I am at that point in my life. I have taken inventory of my moral failings and am ready to share this with a brother. God promises healing when I do this.
So why has it been so hard to want to share these things?
In my own life I have been extremely critical of others. Perhaps I expect the same from them. Why should I expect them to be any different than I was?
Maybe the items are too grotesque to want to share. Ok, "maybe" isn't the right word, I definitely don't want to share about those awful things.
Can't I just admit these things to God and have that be enough? The Bible says No.
In case you didn't understand what I just wrote, the Bible clearly teaches that I should share my faults with another. No sharing, no healing. Simple, huh?
This goes against my very nature. I want to conceal and hide my faults. I want to simply grow away from them, not grow through them. I was raised to hide from what I have done. Its a unnatural desire to want to share. Right?
I am seeking a new life. I want to emerge a free man. This "sharing" thing is just another tool. It can fix things that no other tool can fix. Don't use the wrong tool.
I have used many things as a hammer. Cresent wrenches, screwdrivers, and even rocks can all be used as hammers. But nothing works as good as a hammer in doing what a hammer can do.
So into my life I must bring this new tool. It promises to break me and heal me. I don't like pain and I am sure there will be some. But I really want to be healed.

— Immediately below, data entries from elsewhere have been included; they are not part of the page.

text \<open>The middle term is \<open>x\<^sup>T M (D(t)\<^sup>-\<^sup>1)' x\<close> with \<open>(D(t)\<^sup>-\<^sup>1)' = -D(0)\<^sup>-\<^sup>1 D'(0) D(0)\<^sup>-\<^sup>1\<close>.\<close>

lemma Qtilde_directional_deriv:
  fixes M :: "complex mat" and x e :: "real vec"
  assumes M: "M \<in> carrier_mat (2*n) (2*n)" and x: "x \<in> carrier_vec (2*n)" and e: "e \<in> carrier_vec (2*n)"
    and inv: "invertible_mat (Dmat n M eps x)"
  shows "((\<lambda>t. Qtilde n M eps (x + t \<cdot>\<^sub>v e)) has_vector_derivative
      (cvec e \<bullet> ((M * minv (Dmat n M eps x)) *\<^sub>v cvec x)
       + cvec x \<bullet> ((M * (- (minv (Dmat n M eps x) * (0\<^sub>m (2*n) (2*n) - complex_of_real (eps^2) \<cdot>\<^sub>m
            ((Jc n e * M) * (Jc n x * M) + (Jc n x * M) * (Jc n e * M))) * minv (Dmat n M eps x)))) *\<^sub>v cvec x)
       + cvec x \<bullet> ((M * minv (Dmat n M eps x)) *\<^sub>v cvec e))) (at 0)"
proof -
  let ?N = "2*n" and ?X = "cvec x" and ?E = "cvec e"
  let ?D' = "0\<^sub>m ?N ?N - complex_of_real (eps^2) \<cdot>\<^sub>m
    ((Jc n e * M) * (Jc n x * M) + (Jc n x * M) * (Jc n e * M))"
  define D where "D t = Dmat n M eps (x + t \<cdot>\<^sub>v e)" for t
  have x0: "x + 0 \<cdot>\<^sub>v e = x" using x e by (intro eq_vecI) auto
  have cD: "\<And>t. D t \<in> carrier_mat ?N ?N" unfolding D_def by (rule Dmat_carrier[OF M])
  have dD: "has_mat_deriv D ?D' ?N" unfolding D_def by (rule has_mat_deriv_Dmat_line[OF M x e])
  have D0: "D 0 = Dmat n M eps x" unfolding D_def by (simp add: x0)
  have d0: "det (D 0) \<noteq> 0" using det_nonzero_if_invertible[OF cD inv[folded D0]] .
  let ?G0 = "adj_inv (D 0)"
  let ?G' = "- (?G0 * ?D' * ?G0)"
  have dG: "has_mat_deriv (\<lambda>t. adj_inv (D t)) ?G' ?N" by (rule has_mat_deriv_adj_inv[OF dD d0])
  have cG: "?G' \<in> carrier_mat ?N ?N" "?G0 \<in> carrier_mat ?N ?N"
    using dG adj_inv_carrier[OF cD] unfolding has_mat_deriv_def by auto
  have dMG: "has_mat_deriv (\<lambda>t. M * adj_inv (D t)) (M * ?G') ?N"
    using has_mat_deriv_mult[OF has_mat_deriv_const[OF M] dG] cG M by simp
  have du: "((\<lambda>t. cvec (x + t \<cdot>\<^sub>v e) $ i) has_vector_derivative ?E $ i) (at 0)" if "i < ?N" for i
    by (rule has_vector_derivative_cvec_line[OF x e that])
  have cu: "\<And>t. cvec (x + t \<cdot>\<^sub>v e) \<in> carrier_vec ?N" using x e by simp
  define q where "q t = cvec (x + t \<cdot>\<^sub>v e) \<bullet> ((M * adj_inv (D t)) *\<^sub>v cvec (x + t \<cdot>\<^sub>v e))" for t
  have "(q has_vector_derivative
      (?E \<bullet> ((M * ?G0) *\<^sub>v ?X) + ?X \<bullet> ((M * ?G') *\<^sub>v ?X) + ?X \<bullet> ((M * ?G0) *\<^sub>v ?E))) (at 0)"
    using has_vector_derivative_bilinear_form[OF cu cu _ _ du du dMG] x e unfolding q_def by (simp add: x0)
  moreover have "\<forall>\<^sub>F t in at 0. q t = Qtilde n M eps (x + t \<cdot>\<^sub>v e)"
    using eventually_det_nonzero[OF has_mat_deriv_imp_mat_differentiable[OF dD] d0]
    by (rule eventually_mono) (simp add: q_def Qtilde_def D_def[symmetric] minv_eq_adj_inv[OF cD])
  moreover have "q 0 = Qtilde n M eps (x + 0 \<cdot>\<^sub>v e)"
    using d0 by (simp add: q_def Qtilde_def D_def[symmetric] minv_eq_adj_inv[OF cD])
  ultimately have "((\<lambda>t. Qtilde n M eps (x + t \<cdot>\<^sub>v e)) has_vector_derivative
      (?E \<bullet> ((M * ?G0) *\<^sub>v ?X) + ?X \<bullet> ((M * ?G') *\<^sub>v ?X) + ?X \<bullet> ((M * ?G0) *\<^sub>v ?E))) (at 0)"
    by (rule has_vector_derivative_transform_eventually)
  moreover have "minv (Dmat n M eps x) = ?G0" using minv_eq_adj_inv[OF cD d0] D0 by simp
  ultimately show ?thesis by (simp only:)
qed

text \<open>\<open>\<Gamma>\<close> stands for \<open>Jform_grad n\<close> (see \<open>grad_Qtilde\<close>); it is kept abstract for the symmetry
  argument, which only uses how it interacts with \<open>B\<close>.\<close>

definition Qtilde_grad_formula :: "complex mat \<Rightarrow> complex mat \<Rightarrow> complex mat \<Rightarrow> complex vec \<Rightarrow> complex
   \<Rightarrow> (complex vec \<Rightarrow> complex vec \<Rightarrow> complex vec) \<Rightarrow> complex vec" where
  "Qtilde_grad_formula M G J X c \<Gamma> = (M * G) *\<^sub>v X + transpose_mat (M * G) *\<^sub>v X
     + c \<cdot>\<^sub>v (\<Gamma> (transpose_mat (M * G) *\<^sub>v X) ((M * J * M * G) *\<^sub>v X)
              + \<Gamma> (transpose_mat (M * G * J * M) *\<^sub>v X) ((M * G) *\<^sub>v X))"

lemma Qtilde_deriv_unit_vec_eq:
  fixes M G J0 Je :: "complex mat" and X :: "complex vec" and c :: complex
  assumes cM: "M \<in> carrier_mat N N" and cG: "G \<in> carrier_mat N N" and cJ0: "J0 \<in> carrier_mat N N"
    and cJe: "Je \<in> carrier_mat N N" and X: "X \<in> carrier_vec N" and i: "i < N"
  shows "unit_vec N i \<bullet> ((M * G) *\<^sub>v X)
       + X \<bullet> ((M * (- (G * (0\<^sub>m N N - c \<cdot>\<^sub>m ((Je * M) * (J0 * M) + (J0 * M) * (Je * M))) * G))) *\<^sub>v X)
       + X \<bullet> ((M * G) *\<^sub>v unit_vec N i)
     = ((M * G) *\<^sub>v X) $ i + (transpose_mat (M * G) *\<^sub>v X) $ i
       + c * ((transpose_mat (M * G) *\<^sub>v X) \<bullet> (Je *\<^sub>v ((M * J0 * M * G) *\<^sub>v X))
             + (transpose_mat (M * G * J0 * M) *\<^sub>v X) \<bullet> (Je *\<^sub>v ((M * G) *\<^sub>v X)))"
proof -
  have "X \<bullet> ((M * G) *\<^sub>v unit_vec N i) = (transpose_mat (M * G) *\<^sub>v X) \<bullet> unit_vec N i"
    using transpose_vec_mult_scalar[of "M * G" N N "unit_vec N i" X] cM cG X by simp
  moreover have "X \<bullet> ((M * (- (G * (0\<^sub>m N N - c \<cdot>\<^sub>m ((Je * M) * (J0 * M) + (J0 * M) * (Je * M))) * G))) *\<^sub>v X)
     = c * ((transpose_mat (M * G) *\<^sub>v X) \<bullet> (Je *\<^sub>v ((M * J0 * M * G) *\<^sub>v X))
             + (transpose_mat (M * G * J0 * M) *\<^sub>v X) \<bullet> (Je *\<^sub>v ((M * G) *\<^sub>v X)))"
    using cM cG cJ0 cJe X by (simp add: sq_rules[where N=N] algebra_simps)
  ultimately show ?thesis using i cM cG X by simp
qed

lemma grad_Qtilde:
  fixes M :: "complex mat" and x :: "real vec"
  assumes M: "M \<in> carrier_mat (2*n) (2*n)" and x: "x \<in> carrier_vec (2*n)"
    and inv: "invertible_mat (Dmat n M eps x)"
  shows "grad (2*n) (Qtilde n M eps) x
    = Qtilde_grad_formula M (minv (Dmat n M eps x)) (Jc n x) (cvec x) (complex_of_real (eps^2)) (Jform_grad n)"
proof (rule eq_vecI)
  let ?G = "minv (Dmat n M eps x)" and ?c = "complex_of_real (eps^2)"
  have cG: "?G \<in> carrier_mat (2*n) (2*n)" using minv_invertible(1)[OF Dmat_carrier[OF M] inv] .
  have dim: "dim_vec (Qtilde_grad_formula M ?G (Jc n x) (cvec x) ?c (Jform_grad n)) = 2*n"
    unfolding Qtilde_grad_formula_def using M cG by simp
  then show "dim_vec (grad (2*n) (Qtilde n M eps) x)
      = dim_vec (Qtilde_grad_formula M ?G (Jc n x) (cvec x) ?c (Jform_grad n))"
    unfolding grad_def by simp
  fix i assume "i < dim_vec (Qtilde_grad_formula M ?G (Jc n x) (cvec x) ?c (Jform_grad n))"
  then have i: "i < 2*n" using dim by simp
  let ?e = "unit_vec (2*n) i :: real vec"
  note d = Qtilde_directional_deriv[OF M x _ inv, of ?e, unfolded cvec_unit_vec, simplified]
  have "pderiv_at (2*n) (Qtilde n M eps) x i =
      unit_vec (2*n) i \<bullet> ((M * ?G) *\<^sub>v cvec x)
       + cvec x \<bullet> ((M * (- (?G * (0\<^sub>m (2*n) (2*n) - ?c \<cdot>\<^sub>m
            ((Jc n ?e * M) * (Jc n x * M) + (Jc n x * M) * (Jc n ?e * M))) * ?G))) *\<^sub>v cvec x)
       + cvec x \<bullet> ((M * ?G) *\<^sub>v unit_vec (2*n) i)"
    unfolding pderiv_at_def using d by (auto intro: has_vector_derivative_unique_at)
  also have "\<dots> = Qtilde_grad_formula M ?G (Jc n x) (cvec x) ?c (Jform_grad n) $ i"
    unfolding Qtilde_deriv_unit_vec_eq[OF M cG Jc_carrier Jc_carrier cvec_carrier[OF x] i]
    unfolding Qtilde_grad_formula_def Jform_grad_def using i M cG x by simp
  finally show "grad (2*n) (Qtilde n M eps) x $ i
      = Qtilde_grad_formula M ?G (Jc n x) (cvec x) ?c (Jform_grad n) $ i"
    unfolding grad_def using i by simp
qed

section \<open>Transformation under \<open>B\<close>\<close>

lemma mult_mat_assoc_eq:
  assumes eq: "A * B = C * D" and A: "A \<in> carrier_mat N N" and B: "B \<in> carrier_mat N N"
    and C: "C \<in> carrier_mat N N" and D: "D \<in> carrier_mat N N" and Z: "Z \<in> carrier_mat N N"
  shows "A * (B * Z) = C * (D * (Z :: 'a :: comm_ring_1 mat))"
  using assoc_mult_mat[OF A B Z] assoc_mult_mat[OF C D Z] eq by simp

lemma intertwined_products:
  fixes B H J G :: "complex mat"
  assumes cB: "B \<in> carrier_mat N N" and cH: "H \<in> carrier_mat N N" and cJ: "J \<in> carrier_mat N N"
    and cG: "G \<in> carrier_mat N N"
    and BH: "B * H = H * transpose_mat B" and BJ: "transpose_mat B * J = J * B"
    and BB: "B * B = 1\<^sub>m N" and GB: "G * transpose_mat B = transpose_mat B * G"
  shows "transpose_mat (B * H * G) = B * transpose_mat (H * G)"
    and "B * H * J * (B * H) * G = H * J * H * G"
    and "B * H * G * J * (B * H) = H * G * J * H"
proof -
  have cBT: "transpose_mat B \<in> carrier_mat N N" using cB by simp
  note BH' = mult_mat_assoc_eq[OF BH cB cH cH cBT]
  note BJ' = mult_mat_assoc_eq[OF BJ cBT cJ cJ cB]
  note GB' = mult_mat_assoc_eq[OF GB cG cBT cBT cG]
  have BB': "B * (B * Z) = Z" if "Z \<in> carrier_mat N N" for Z
    using assoc_mult_mat[OF cB cB that] BB that by simp
  have "B * H * G = H * G * transpose_mat B"
    using cB cH cG cBT by (simp add: sq_rules[where N=N] BH' GB)
  then show "transpose_mat (B * H * G) = B * transpose_mat (H * G)"
    using transpose_mult[of "H * G" N N "transpose_mat B" N] cH cG cBT by simp
  show "B * H * J * (B * H) * G = H * J * H * G"
    using cB cH cJ cG cBT by (simp add: sq_rules[where N=N] BH' BJ' BB')
  show "B * H * G * J * (B * H) = H * G * J * H"
    using cB cH cJ cG cBT by (simp add: sq_rules[where N=N] BH' BJ' BB' GB'[symmetric])
qed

When I was growing up, there lived a racoon across the street. His name was Sammy. Sammy used to steal my dads hammer all the time. My dad would weave a rich tapestry of fine words whenever Sammy would do this. I, of course, would laugh. Not around my dad, he was mad enough already.
Someone (Satan) has stolen my hammer. God gave me the tool and I didn't take care of it. I robbed myself of the blessings of using the tool. Satan is laughing.
Enough of that! That ole serpent is a tricky one. I am tired of playing his games.
I will swallow my pride. I will humble myself. I will beg God to forgive my past. And I will share it all with someone. Yep, that's what God wants. I am willing.